How Can We Effectively Respond to this Neo-Nazi, White Supremacist Garbage?

In light of this weekend’s events in Charlottesville, I find it necessary to revisit the topic I addressed last weekend.  Like many Americans, I am horrified by the recent rise in white supremacist, neo-Nazi activity in the US.  Many people smarter than me have written eloquent pieces about what happened this weekend, and I do not pretend to have anything new or particularly insightful to say.  In case there is any doubt, let me be clear where I stand:  Hating, discriminating against, or threatening anyone on account of their race, ethnic heritage, sexual orientation, or gender is despicable and unacceptable.  Human is human, period.

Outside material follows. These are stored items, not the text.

(* Let $p\ge3$ and $k\ge1$ be integers, $Q=2^{p-1}$, and for $1\le j\le k$ let $g_j(\alpha)=j\alpha^{p-1}-(k-j+1)-(j-1)(1+\alpha)^{p-1}$. Then for every integer $j$ with $k^{\frac1{p-1}}+1\le j\le k$ we have $g_j\big(Q(j-1)\big)>0$. Consequently the smallest positive root $a_j$ of $g_j$ satisfies $a_j<2^{p-1}(j-1)$ for such $j$. *)

theory Defs
  imports Complex_Main
begin

definition gfun :: "nat \<Rightarrow> nat \<Rightarrow> nat \<Rightarrow> real \<Rightarrow> real" where
  "gfun p k j \<alpha> = real j * \<alpha> ^ (p - 1) - (real k - real j + 1) - (real j - 1) * (1 + \<alpha>) ^ (p - 1)"

definition is_smallest_pos_root :: "(real \<Rightarrow> real) \<Rightarrow> real \<Rightarrow> bool" where
  "is_smallest_pos_root f a \<longleftrightarrow> a > 0 \<and> f a = 0 \<and> (\<forall>b. b > 0 \<and> f b = 0 \<longrightarrow> a \<le> b)"

end

theory Submission
  imports Defs
begin

text \<open>Put n = p - 1, y = j - 1 and x = 2^n y. For x \<ge> 1 all binomial coefficients of
  (1 + x)^n except the leading one can be absorbed into (2^n - 1) x^(n-1), so
  g_j(x) \<ge> x^n - y (2^n - 1) x^(n-1) - (k - j + 1) = y x^(n-1) - (k - j + 1),
  and y x^(n-1) \<ge> y^n \<ge> k by the hypothesis on j. As g_j(0) = -k < 0, the intermediate value
  theorem puts a root of g_j in (0, x), hence the smallest positive root below x.\<close>

lemma one_plus_power_le:
  fixes x :: real
  assumes "x \<ge> 1"
  shows "(1 + x) ^ Suc m \<le> x ^ Suc m + (2 ^ Suc m - 1) * x ^ m"
proof (induction m)
  case 0
  then show ?case by simp
next
  case (Suc m)
  have "(2::real) ^ Suc m \<ge> 1"
    by (rule one_le_power) simp
  moreover have "x ^ m \<le> x ^ Suc m"
    using assms by (simp add: power_increasing)
  ultimately have absorb: "(2 ^ Suc m - 1) * x ^ m \<le> (2 ^ Suc m - 1) * x ^ Suc m"
    by (intro mult_left_mono) simp_all
  have "(1 + x) ^ Suc (Suc m) = (1 + x) * (1 + x) ^ Suc m"
    by simp
  also have "\<dots> \<le> (1 + x) * (x ^ Suc m + (2 ^ Suc m - 1) * x ^ m)"
    using Suc assms by (intro mult_left_mono) auto
  also have "\<dots> = x ^ Suc (Suc m) + 2 ^ Suc m * x ^ Suc m + (2 ^ Suc m - 1) * x ^ m"
    by (simp add: algebra_simps)
  also have "\<dots> \<le> x ^ Suc (Suc m) + (2 ^ Suc (Suc m) - 1) * x ^ Suc m"
    using absorb by (simp add: algebra_simps)
  finally show ?case .
qed

lemma continuous_on_gfun: "continuous_on UNIV (gfun p k j)"
  unfolding gfun_def by (intro continuous_intros)

lemma gfun_zero:
  assumes "p \<ge> 2"
  shows "gfun p k j 0 = - real k"
  using assms unfolding gfun_def by (simp add: power_0_left)

lemma gfun_pos:
  fixes p k j :: nat
  assumes "p \<ge> 2" and "k \<ge> 1" and "root (p - 1) (real k) + 1 \<le> real j"
  shows "gfun p k j (2 ^ (p - 1) * (real j - 1)) > 0"
proof -
  define n where "n = p - 1"
  obtain m where n_Suc: "n = Suc m"
    using assms(1) unfolding n_def by (metis Suc_diff_Suc Suc_1 Suc_le_lessD diff_Suc_1)
  define y where "y = real j - 1"
  define x where "x = 2 ^ n * y"
  have root_ge: "1 \<le> root n (real k)"
    using assms(2) n_Suc by (simp add: real_root_ge_1_iff)
  have root_le: "root n (real k) \<le> y"
    using assms(3) by (simp add: n_def y_def)
  have y_ge: "y \<ge> 1"
    using root_ge root_le by simp
  have k_le: "real k \<le> y ^ n"
  proof -
    have "root n (real k) ^ n = real k"
      by (rule real_root_pow_pos2) (simp_all add: n_Suc)
    moreover have "root n (real k) ^ n \<le> y ^ n"
      using root_ge root_le by (intro power_mono) auto
    ultimately show ?thesis
      by simp
  qed
  have x_ge: "x \<ge> 1"
  proof -
    have "(1::real) \<le> 2 ^ n"
      by simp
    then show ?thesis
      unfolding x_def using y_ge by (metis mult_mono' mult_1 zero_le_one)
  qed
  have "y * (1 + x) ^ n \<le> y * (x ^ n + (2 ^ n - 1) * x ^ m)"
    using one_plus_power_le[OF x_ge] y_ge n_Suc by (intro mult_left_mono) auto
  then have "(y + 1) * x ^ n - (real k - real j + 1) - y * (x ^ n + (2 ^ n - 1) * x ^ m) \<le> gfun p k j x"
    unfolding gfun_def n_def y_def by simp
  moreover have "(y + 1) * x ^ n - (real k - real j + 1) - y * (x ^ n + (2 ^ n - 1) * x ^ m)
      = x * x ^ m - y * (2 ^ n - 1) * x ^ m - (real k - real j + 1)"
    using n_Suc by (simp add: algebra_simps)
  moreover have "x * x ^ m - y * (2 ^ n - 1) * x ^ m = y * x ^ m"
    unfolding x_def by (simp add: algebra_simps)
  moreover have "y * x ^ m = 2 ^ (n * m) * y ^ n"
    unfolding x_def using n_Suc
    by (simp add: power_mult_distrib power_mult[symmetric] power_add[symmetric] algebra_simps)
  ultimately have "2 ^ (n * m) * y ^ n - (real k - real j + 1) \<le> gfun p k j x"
    by linarith
  moreover have "2 ^ (n * m) * y ^ n \<ge> y ^ n"
    using y_ge by simp
  ultimately have "gfun p k j x > 0"
    using k_le y_ge unfolding y_def by linarith
  then show ?thesis
    by (simp add: x_def y_def n_def)
qed

lemma smallest_pos_root_exists:
  fixes f :: "real \<Rightarrow> real"
  assumes "continuous_on UNIV f" and "f 0 < 0" and "x > 0" and "f x > 0"
  shows "\<exists>a. is_smallest_pos_root f a"
proof -
  define Z where "Z = {0..x} \<inter> f -` {0}"
  have "compact Z"
    unfolding Z_def using assms(1)
    by (intro compact_Int_closed compact_Icc closed_vimage) auto
  moreover have "Z \<noteq> {}"
  proof -
    obtain c where "0 \<le> c" "c \<le> x" "f c = 0"
      using IVT[of f 0 0 x] assms
      by (auto intro: continuous_on_subset simp: continuous_on_eq_continuous_at)
    then show ?thesis
      unfolding Z_def by auto
  qed
  ultimately obtain a where "a \<in> Z" and a_min: "\<forall>b\<in>Z. a \<le> b"
    using compact_attains_inf by blast
  then have "0 \<le> a" "a \<le> x" "f a = 0"
    unfolding Z_def by auto
  with assms(2) have "0 < a"
    by (cases "a = 0") auto
  have "a \<le> b" if "0 < b" "f b = 0" for b
  proof (cases "b \<le> x")
    case True
    with that have "b \<in> Z"
      unfolding Z_def by simp
    with a_min show ?thesis
      by blast
  next
    case False
    with \<open>a \<le> x\<close> show ?thesis
      by simp
  qed
  with \<open>0 < a\<close> \<open>f a = 0\<close> have "is_smallest_pos_root f a"
    unfolding is_smallest_pos_root_def by blast
  then show ?thesis ..
qed

lemma smallest_pos_root_less:
  fixes f :: "real \<Rightarrow> real"
  assumes "is_smallest_pos_root f a"
    and "continuous_on UNIV f" and "f 0 < 0" and "x > 0" and "f x > 0"
  shows "a < x"
proof -
  obtain c where "0 \<le> c" "c \<le> x" "f c = 0"
    using IVT[of f 0 0 x] assms(2-5)
    by (auto intro: continuous_on_subset simp: continuous_on_eq_continuous_at)
  with assms(3,5) have "0 < c" "c < x"
    by (auto simp: le_less)
  with \<open>f c = 0\<close> assms(1) show ?thesis
    unfolding is_smallest_pos_root_def by fastforce
qed

theorem mainTheorem8:
  fixes p k j :: nat
  assumes "p \<ge> 3" and "k \<ge> 1"
    and "root (p - 1) (real k) + 1 \<le> real j" and "j \<le> k"
  shows "gfun p k j (2 ^ (p - 1) * (real j - 1)) > 0
         \<and> (\<exists>a. is_smallest_pos_root (gfun p k j) a)
         \<and> (\<forall>a. is_smallest_pos_root (gfun p k j) a \<longrightarrow> a < 2 ^ (p - 1) * (real j - 1))"
proof -
  define x where "x = 2 ^ (p - 1) * (real j - 1)"
  have pos: "gfun p k j x > 0"
    unfolding x_def using assms(1-3) by (intro gfun_pos) simp_all
  have neg: "gfun p k j 0 < 0"
    using assms(1,2) by (simp add: gfun_zero)
  have "1 \<le> root (p - 1) (real k)"
    using assms(1,2) by (simp add: real_root_ge_1_iff)
  with assms(3) have "x > 0"
    unfolding x_def by simp
  obtain a where "is_smallest_pos_root (gfun p k j) a"
    using smallest_pos_root_exists[OF continuous_on_gfun neg \<open>x > 0\<close> pos] ..
  moreover have "\<forall>a. is_smallest_pos_root (gfun p k j) a \<longrightarrow> a < x"
    using smallest_pos_root_less[OF _ continuous_on_gfun neg \<open>x > 0\<close> pos] by blast
  ultimately show ?thesis
    using pos unfolding x_def by blast
qed

end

I used to think that we as a culture had moved beyond this divide.  Fifteen years ago, I naively thought it beyond debate that racism was unequivocally wrong.  I knew individual people still harbored racist views, but I thought they were a small minority.  I thought that those hateful ideas, which were no longer socially acceptable, would eventually die off.  I am no longer so naive.

The question now becomes, what can I do about it?  And the honest answer is, I don’t know.  I feel helpless.  Rebecca, I don’t have any good advice to give you.  I don’t know how you can begin to explain this hatred, vitriol, and violence to your children.  At times, I question the wisdom of my choice to willingly bring a child into this world.  My only hope is that I can raise him to be loving, brave, and compassionate, so that he may make this world a better place.

Since yesterday, I’ve read a number of essays and blog posts telling me what I, a white person, should be doing right now.  They all gave essentially the same directives: make it known that you do not support hate, attend a vigil, call out racism in your own community, and donate to various legal funds.  But all of that seems inadequate to me.  I have been calling out racism in my family and community since I was a kid.  I’m not convinced it’s ever done anything.  The people I’ve engaged or confronted usually stopped spouting hateful rhetoric around me, but I’m sure they just redirected that rhetoric to a more sympathetic audience.

As a lawyer, I believe in the power of persuasion, but some people, on some topics, are simply unpersuadable.  The fact is, we cannot control the minds of others.  There are people intent on committing acts of violence who will not be deterred.  These are the people who scare me.  No amount of logic, no passing of laws, no threat of legal justice will change the minds of such people.  Once their minds have been filled with hateful ideas, what can be done?

The only thing I know how to do is to continue to live in accord with my own values.  So, yes, I will continue to push back when people make racist or bigoted statements in my presence.  I will try even harder to help my disadvantaged and targeted fellow citizens as best I am able, to treat them with dignity and compassion and as the worthy humans they are, and to listen to them without judgment or interjection.  I will try to maintain a heightened awareness of my own privilege.  I will not succumb to hate.

For my own sake, for the sake of the child I am carrying, I have to believe that there is more good in this world than evil.  Though it seems insufficient, I will say it again:  Hate is not welcome here.  Only love can save us.